First I thought it works because it's an interface but it also works with a regular class.

When I store the template as a member i get an error that Foo is undefined, just as I expected.

Answer 1

With this definition of template class IFoo , the compiler does not need to know the size of Foo to lay out IFoo<Foo> .

Foo will be an incomplete class in this context (not "undefined" or "undeclared") and usable in ways that any incomplete type can be used. Appearing in a member function parameter list is fine. Declaring a member variable as Foo* is fine. Declaring a member variable as Foo is forbidden (complete type required).

Answer 2

The general concept here is called the Curiously Recurring Template Pattern or CRTP . Searching on that will get lots of hits. see: https://stackoverflow.com/questions/tagged/crtp .

However there is a simple explanation that likely answers your question without getting too much into CRTP. The following is allowed in C and C++:

struct foo {
    struct foo *next;
    ...
};

or with two types:

struct foo;
struct bar;

struct foo {
    struct bar *first;
    ...
};

struct bar {
    struct foo *second;
    ...
};

So long as only a pointer to a struct or class is used, a complete definition of the type doesn't have to be available. One can layer templates on top of this in a wide variety of ways and one must be clear to reason separately about the type parameterizing the template and its use within the template. Adding in SFINAE (Substitution Failure Is Not An Error), one can even make templates that do no get instantiated because things cannot be done with a given type.

Answer 3

how can the compiler create the code?

Answering this question would be the same as answering this question: How can the compiler compile that ?

struct Type;
Type func(Type);

Live example

How can you define a type that doesn't exist and yet declare a function that use that type?

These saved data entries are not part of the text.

lemma hmax_less_hmin_iff: "hmax A < hmin B \<longleftrightarrow> (\<forall>x\<in>entry_set A. \<forall>y\<in>entry_set B. x < y)"
  unfolding hmax_def hmin_def entry_set_def[symmetric] by (auto simp: Max_less_iff Min_gr_iff)

definition in_order :: "nat \<times> nat \<Rightarrow> nat \<Rightarrow> nat \<times> nat \<Rightarrow> nat \<Rightarrow> bool" where
  "in_order p x q y \<longleftrightarrow>
     (fst p = fst q \<and> snd p < snd q \<longrightarrow> x \<le> y) \<and> (snd p = snd q \<and> fst p < fst q \<longrightarrow> x < y)"

lemma in_order_same_cell [simp]: "in_order p x p y"
  by (simp add: in_order_def)

definition hvt_ordered :: "hvt \<Rightarrow> bool" where
  "hvt_ordered T \<longleftrightarrow> (\<forall>p q A B x y. T p = Some A \<longrightarrow> T q = Some B \<longrightarrow>
     x \<in> entry_set A \<longrightarrow> y \<in> entry_set B \<longrightarrow> in_order p x q y)"

lemma hvt_orderedD:
  "hvt_ordered T \<Longrightarrow> T p = Some A \<Longrightarrow> T q = Some B \<Longrightarrow> x \<in> entry_set A \<Longrightarrow> y \<in> entry_set B
    \<Longrightarrow> in_order p x q y"
  unfolding hvt_ordered_def by blast

lemma hvt_ordered_iff:
  "hvt_ordered T \<longleftrightarrow>
   (\<forall>r c c' A B. T (r, c) = Some A \<longrightarrow> T (r, c') = Some B \<longrightarrow> c < c' \<longrightarrow> hmax A \<le> hmin B)
   \<and> (\<forall>r r' c A C. T (r, c) = Some A \<longrightarrow> T (r', c) = Some C \<longrightarrow> r < r' \<longrightarrow> hmax A < hmin C)"
  unfolding hmax_le_hmin_iff hmax_less_hmin_iff
proof (intro iffI conjI allI impI ballI)
  fix i j j' A B x y
  assume "hvt_ordered T" "T (i, j) = Some A" "T (i, j') = Some B" "j < j'"
    "x \<in> entry_set A" "y \<in> entry_set B"
  then show "x \<le> y"
    using hvt_orderedD[of T "(i, j)" A "(i, j')" B x y] by (simp add: in_order_def)
next
  fix i i' j A B x y
  assume "hvt_ordered T" "T (i, j) = Some A" "T (i', j) = Some B" "i < i'"
    "x \<in> entry_set A" "y \<in> entry_set B"
  then show "x < y"
    using hvt_orderedD[of T "(i, j)" A "(i', j)" B x y] by (simp add: in_order_def)
next
  assume rows_columns: "(\<forall>r c c' A B. T (r, c) = Some A \<longrightarrow> T (r, c') = Some B \<longrightarrow> c < c' \<longrightarrow>
      (\<forall>x\<in>entry_set A. \<forall>y\<in>entry_set B. x \<le> y)) \<and>
    (\<forall>r r' c A C. T (r, c) = Some A \<longrightarrow> T (r', c) = Some C \<longrightarrow> r < r' \<longrightarrow>
      (\<forall>x\<in>entry_set A. \<forall>y\<in>entry_set C. x < y))"
  note rows = rows_columns[THEN conjunct1, rule_format]
    and columns = rows_columns[THEN conjunct2, rule_format]
  show "hvt_ordered T"
    unfolding hvt_ordered_def
  proof (intro allI impI)
    fix p q A B x y
    assume "T p = Some A" "T q = Some B" "x \<in> entry_set A" "y \<in> entry_set B"
    then show "in_order p x q y"
      using rows[of "fst p" "snd p" A "snd q" B x y] columns[of "fst p" "snd p" A "fst q" B x y]
      unfolding in_order_def by (cases p; cases q) auto
  qed
qed

lemma is_HVT_shape_iff:
  "is_HVT_shape la T \<longleftrightarrow> is_partition la \<and> dom T = young_diagram la
     \<and> (\<forall>p U. T p = Some U \<longrightarrow> ss_hook U) \<and> hvt_ordered T"
proof -
  have "(\<forall>U\<in>ran T. ss_hook U) \<longleftrightarrow> (\<forall>p U. T p = Some U \<longrightarrow> ss_hook U)"
    unfolding ran_def by blast
  then show ?thesis
    unfolding is_HVT_shape_def hvt_ordered_iff by simp
qed

definition fits_left_below :: "hvt \<Rightarrow> nat \<times> nat \<Rightarrow> nat \<Rightarrow> bool" where
  "fits_left_below T p x \<longleftrightarrow> (\<forall>q B y. T q = Some B \<longrightarrow> y \<in> entry_set B \<longrightarrow> in_order q y p x)"

definition fits_right_above :: "hvt \<Rightarrow> nat \<times> nat \<Rightarrow> nat \<Rightarrow> bool" where
  "fits_right_above T p x \<longleftrightarrow> (\<forall>q B y. T q = Some B \<longrightarrow> y \<in> entry_set B \<longrightarrow> in_order p x q y)"

lemma hvt_ordered_fits:
  assumes "hvt_ordered T" "T p = Some A" "x \<in> entry_set A"
  shows "fits_left_below T p x" and "fits_right_above T p x"
  using assms unfolding fits_left_below_def fits_right_above_def hvt_ordered_def by blast+

lemma fits_right_above_antimono: "fits_right_above T p x' \<Longrightarrow> x \<le> x' \<Longrightarrow> fits_right_above T p x"
  unfolding fits_right_above_def in_order_def by fastforce

lemma in_order_cell_left: "snd q < snd p \<Longrightarrow> in_order p x q y"
  by (simp add: in_order_def)

lemma fits_right_above_update_left:
  assumes "snd q < snd p" "fits_right_above T p x"
  shows "fits_right_above (T(q := X)) p x"
  using assms in_order_cell_left[OF assms(1)] unfolding fits_right_above_def
  by (metis fun_upd_apply)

The answer is simple: There is no code to compile with that actually use that non-existing type. Since there is no code to compile, how can it even fail?

Now maybe you're wondering what is has to do with your code? How does it make that a class can send itself as template parameter to it's parent?

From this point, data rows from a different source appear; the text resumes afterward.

(* Let $S$ be an intra-regular $\Gamma$-AG$^{**}$-groupoid and $A\subseteq S$. Then $A$ is a left $\Gamma$-ideal of $S$ if and only if $A$ is a right $\Gamma$-ideal of $S$.
   Context: Let $S$ and $\Gamma$ be nonempty sets with a map $S\times\Gamma\times S\to S$, $(x,\gamma,y)\mapsto x\gamma y$. $S$ is a $\Gamma$-AG-groupoid if $(x\gamma y)\delta z=(z\gamma y)\delta x$ for all $x,y,z\in S$, $\gamma,\delta\in\Gamma$; it is a $\Gamma$-AG$^{**}$-groupoid if moreover $a\alpha(b\beta c)=b\alpha(a\beta c)$ for all $a,b,c\in S$, $\alpha,\beta\in\Gamma$. For subsets $A,B\subseteq S$, $A\Gamma B=\{a\gamma b: a\in A,\gamma\in\Gamma,b\in B\}$. $S$ is intra-regular if for every $a\in S$ there exist $x,y\in S$ and $\beta,\gamma,\delta\in\Gamma$ with $a=(x\beta(a\delta a))\gamma y$. A nonempty subset $A$ is a left (right) $\Gamma$-ideal if $S\Gamma A\subseteq A$ ($A\Gamma S\subseteq A$). *)

theory Defs
  imports Main
begin

text \<open>A Gamma-groupoid: carrier S, parameter set G (Gamma), ternary operation m,
  written m x g y for x g y, closed on S.\<close>

definition gamma_closed :: "'a set \<Rightarrow> 'g set \<Rightarrow> ('a \<Rightarrow> 'g \<Rightarrow> 'a \<Rightarrow> 'a) \<Rightarrow> bool" where
  "gamma_closed S G m \<longleftrightarrow> S \<noteq> {} \<and> G \<noteq> {} \<and>
     (\<forall>x\<in>S. \<forall>g\<in>G. \<forall>y\<in>S. m x g y \<in> S)"

definition gamma_AG_groupoid :: "'a set \<Rightarrow> 'g set \<Rightarrow> ('a \<Rightarrow> 'g \<Rightarrow> 'a \<Rightarrow> 'a) \<Rightarrow> bool" where
  "gamma_AG_groupoid S G m \<longleftrightarrow> gamma_closed S G m \<and>
     (\<forall>x\<in>S. \<forall>y\<in>S. \<forall>z\<in>S. \<forall>g\<in>G. \<forall>d\<in>G. m (m x g y) d z = m (m z g y) d x)"

definition gamma_AG2_groupoid :: "'a set \<Rightarrow> 'g set \<Rightarrow> ('a \<Rightarrow> 'g \<Rightarrow> 'a \<Rightarrow> 'a) \<Rightarrow> bool" where
  "gamma_AG2_groupoid S G m \<longleftrightarrow> gamma_AG_groupoid S G m \<and>
     (\<forall>a\<in>S. \<forall>b\<in>S. \<forall>c\<in>S. \<forall>al\<in>G. \<forall>be\<in>G. m a al (m b be c) = m b al (m a be c))"

definition gamma_prod :: "('a \<Rightarrow> 'g \<Rightarrow> 'a \<Rightarrow> 'a) \<Rightarrow> 'a set \<Rightarrow> 'g set \<Rightarrow> 'a set \<Rightarrow> 'a set" where
  "gamma_prod m A G B = {m a g b | a g b. a \<in> A \<and> g \<in> G \<and> b \<in> B}"

definition intra_regular :: "'a set \<Rightarrow> 'g set \<Rightarrow> ('a \<Rightarrow> 'g \<Rightarrow> 'a \<Rightarrow> 'a) \<Rightarrow> bool" where
  "intra_regular S G m \<longleftrightarrow> (\<forall>a\<in>S. \<exists>x\<in>S. \<exists>y\<in>S. \<exists>be\<in>G. \<exists>ga\<in>G. \<exists>de\<in>G.
      a = m (m x be (m a de a)) ga y)"

definition left_gamma_ideal :: "'a set \<Rightarrow> 'g set \<Rightarrow> ('a \<Rightarrow> 'g \<Rightarrow> 'a \<Rightarrow> 'a) \<Rightarrow> 'a set \<Rightarrow> bool" where
  "left_gamma_ideal S G m A \<longleftrightarrow> A \<noteq> {} \<and> A \<subseteq> S \<and> gamma_prod m S G A \<subseteq> A"

definition right_gamma_ideal :: "'a set \<Rightarrow> 'g set \<Rightarrow> ('a \<Rightarrow> 'g \<Rightarrow> 'a \<Rightarrow> 'a) \<Rightarrow> 'a set \<Rightarrow> bool" where
  "right_gamma_ideal S G m A \<longleftrightarrow> A \<noteq> {} \<and> A \<subseteq> S \<and> gamma_prod m A G S \<subseteq> A"

end

theory Submission
  imports Defs
begin

(* Intra-regularity writes every a \<in> S as a = u \<gamma> y with
   u = x \<beta> (a \<delta> a).  For the two directions:
   - If A is a left ideal, then a \<delta> a and hence u lie in A, and the left
     invertive law turns a g s = (u \<gamma> y) g s into (s \<gamma> y) g u \<in> S \<Gamma> A \<subseteq> A.
     This direction only needs a \<Gamma>-AG-groupoid.
   - If A is a right ideal, the AG** law gives u = a \<beta> (x \<delta> a) \<in> A \<Gamma> S \<subseteq> A
     and s g a = s g (u \<gamma> y) = u g (s \<gamma> y) \<in> A \<Gamma> S \<subseteq> A. *)

lemma gamma_AG_closed:
  assumes "gamma_AG_groupoid S G m" "x \<in> S" "g \<in> G" "y \<in> S"
  shows "m x g y \<in> S"
  using assms unfolding gamma_AG_groupoid_def gamma_closed_def by blast

lemma gamma_AG_left_invertive:
  assumes "gamma_AG_groupoid S G m" "x \<in> S" "y \<in> S" "z \<in> S" "g \<in> G" "d \<in> G"
  shows "m (m x g y) d z = m (m z g y) d x"
  using assms unfolding gamma_AG_groupoid_def by blast

lemma gamma_AG2_exchange:
  assumes "gamma_AG2_groupoid S G m" "a \<in> S" "b \<in> S" "c \<in> S" "al \<in> G" "be \<in> G"
  shows "m a al (m b be c) = m b al (m a be c)"
  using assms unfolding gamma_AG2_groupoid_def by blast

lemma gamma_AG2_imp_AG:
  "gamma_AG2_groupoid S G m \<Longrightarrow> gamma_AG_groupoid S G m"
  unfolding gamma_AG2_groupoid_def by blast

lemma intra_regularE:
  assumes "intra_regular S G m" "a \<in> S"
  obtains x y be ga de where "x \<in> S" "y \<in> S" "be \<in> G" "ga \<in> G" "de \<in> G"
    "a = m (m x be (m a de a)) ga y"
  using assms unfolding intra_regular_def by blast

lemma left_gamma_ideal_iff:
  "left_gamma_ideal S G m A \<longleftrightarrow>
     A \<noteq> {} \<and> A \<subseteq> S \<and> (\<forall>s\<in>S. \<forall>g\<in>G. \<forall>a\<in>A. m s g a \<in> A)"
  unfolding left_gamma_ideal_def gamma_prod_def by blast

lemma right_gamma_ideal_iff:
  "right_gamma_ideal S G m A \<longleftrightarrow>
     A \<noteq> {} \<and> A \<subseteq> S \<and> (\<forall>a\<in>A. \<forall>g\<in>G. \<forall>s\<in>S. m a g s \<in> A)"
  unfolding right_gamma_ideal_def gamma_prod_def by blast

lemma left_ideal_imp_right_ideal:
  assumes AG: "gamma_AG_groupoid S G m"
    and IR: "intra_regular S G m"
    and L: "left_gamma_ideal S G m A"
  shows "right_gamma_ideal S G m A"
proof -
  have A: "A \<noteq> {}" "A \<subseteq> S"
    and left: "\<And>s g a. s \<in> S \<Longrightarrow> g \<in> G \<Longrightarrow> a \<in> A \<Longrightarrow> m s g a \<in> A"
    using L unfolding left_gamma_ideal_iff by blast+
  have "m a g s \<in> A" if a: "a \<in> A" and g: "g \<in> G" and s: "s \<in> S" for a g s
  proof -
    have aS: "a \<in> S" using a A by blast
    obtain x y be ga de where h: "x \<in> S" "y \<in> S" "be \<in> G" "ga \<in> G" "de \<in> G"
      and a_eq: "a = m (m x be (m a de a)) ga y"
      using intra_regularE[OF IR aS] .
    define u where "u = m x be (m a de a)"
    have uA: "u \<in> A" unfolding u_def using left h a aS by blast
    hence uS: "u \<in> S" using A by blast
    have "m a g s = m (m u ga y) g s" using a_eq unfolding u_def by simp
    also have "\<dots> = m (m s ga y) g u"
      using gamma_AG_left_invertive[OF AG uS h(2) s h(4) g] .
    finally show ?thesis using left gamma_AG_closed[OF AG s h(4) h(2)] g uA by simp
  qed
  thus ?thesis using A unfolding right_gamma_ideal_iff by blast
qed

lemma right_ideal_imp_left_ideal:
  assumes AG2: "gamma_AG2_groupoid S G m"
    and IR: "intra_regular S G m"
    and R: "right_gamma_ideal S G m A"
  shows "left_gamma_ideal S G m A"
proof -
  note AG = gamma_AG2_imp_AG[OF AG2]
  have A: "A \<noteq> {}" "A \<subseteq> S"
    and right: "\<And>a g s. a \<in> A \<Longrightarrow> g \<in> G \<Longrightarrow> s \<in> S \<Longrightarrow> m a g s \<in> A"
    using R unfolding right_gamma_ideal_iff by blast+
  have "m s g a \<in> A" if s: "s \<in> S" and g: "g \<in> G" and a: "a \<in> A" for s g a
  proof -
    have aS: "a \<in> S" using a A by blast
    obtain x y be ga de where h: "x \<in> S" "y \<in> S" "be \<in> G" "ga \<in> G" "de \<in> G"
      and a_eq: "a = m (m x be (m a de a)) ga y"
      using intra_regularE[OF IR aS] .
    define u where "u = m x be (m a de a)"
    have "u = m a be (m x de a)"
      unfolding u_def using gamma_AG2_exchange[OF AG2 h(1) aS aS h(3) h(5)] .
    hence uA: "u \<in> A" using right a h gamma_AG_closed[OF AG h(1) h(5) aS] by simp
    have uS: "u \<in> S" using uA A by blast
    have "m s g a = m s g (m u ga y)" using a_eq unfolding u_def by simp
    also have "\<dots> = m u g (m s ga y)"
      using gamma_AG2_exchange[OF AG2 s uS h(2) g h(4)] .
    finally show ?thesis using right gamma_AG_closed[OF AG s h(4) h(2)] g uA by simp
  qed
  thus ?thesis using A unfolding left_gamma_ideal_iff by blast
qed

theorem mainTheorem4:
  fixes S :: "'a set" and G :: "'g set" and m :: "'a \<Rightarrow> 'g \<Rightarrow> 'a \<Rightarrow> 'a"
    and A :: "'a set"
  assumes "gamma_AG2_groupoid S G m"
    and "intra_regular S G m"
    and "A \<subseteq> S"
  shows "left_gamma_ideal S G m A \<longleftrightarrow> right_gamma_ideal S G m A"
proof
  show "left_gamma_ideal S G m A \<Longrightarrow> right_gamma_ideal S G m A"
    using left_ideal_imp_right_ideal[OF gamma_AG2_imp_AG[OF assms(1)] assms(2)] .
  show "right_gamma_ideal S G m A \<Longrightarrow> left_gamma_ideal S G m A"
    using right_ideal_imp_left_ideal[OF assms(1,2)] .
qed

end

Let's analyze what the compiler see when you're doing that:

struct Foo : IFoo<Foo> { /* ... */ };

First, the compile sees this:

struct Foo ...

The compiler now knows that Foo exists, yet it's an incomplete type.

Now, he sees that:

... : IFoo<Foo> ...

It knows what IFoo is, and it knows that Foo is a type. The compiler now only have to instanciate IFoo with that type:

template <class T> struct IFoo
{
     virtual T addX(T foo, double val) = 0;
};

So really, it declares a class, with the declaration of a function in it. You saw above that declaring a function with an incomplete type works. The same happens here. At that point, Your code is possible as this code is:

struct Foo;
template struct IFoo<Foo>; // instanciate IFoo with Foo

So really there's no sorcery there.

---

Now let's have a more convincing example. What about that?

template<typename T>
struct IFoo {
    void stuff(T f) {
        f.something();
    }
};

struct Foo : IFoo<Foo> {
    void something() {}
};

How can the compiler call something on an incomplete type?

The thing is: it don't. Foo is complete when we use something . This is because template function are instantiated only when they are used.

Remember we can separate functions definition even with template?

template<typename T>
struct IFoo {
    void stuff(T f);
};

template<typename T>
void IFoo<T>::stuff(T f) {
    f.something();
}

struct Foo : IFoo<Foo> {
    void something() {}
};

Great! Does it start looking exactly the same as your example with the pure virtual function? Let's make another valid transformation:

template<typename T>
struct IFoo {
    void stuff(T f);
};

struct Foo : IFoo<Foo> {
    void something() {}
};

// Later...
template<typename T>
void IFoo<T>::stuff(T f) {
    f.something();
}

Done! We defined the function later, after Foo is complete. And this is exaclty what happens: The compiler will instanciate IFoo<Foo>::stuff only when used. And the point where it's used, Foo is complete. No magic there either.

---

Why can't you declare a T member variable inside IFoo then?

Simple, for the same reason why this code won't compile:

struct Bar;
Bar myBar;

It doesn't make sense declaring a variable of an incomplete type.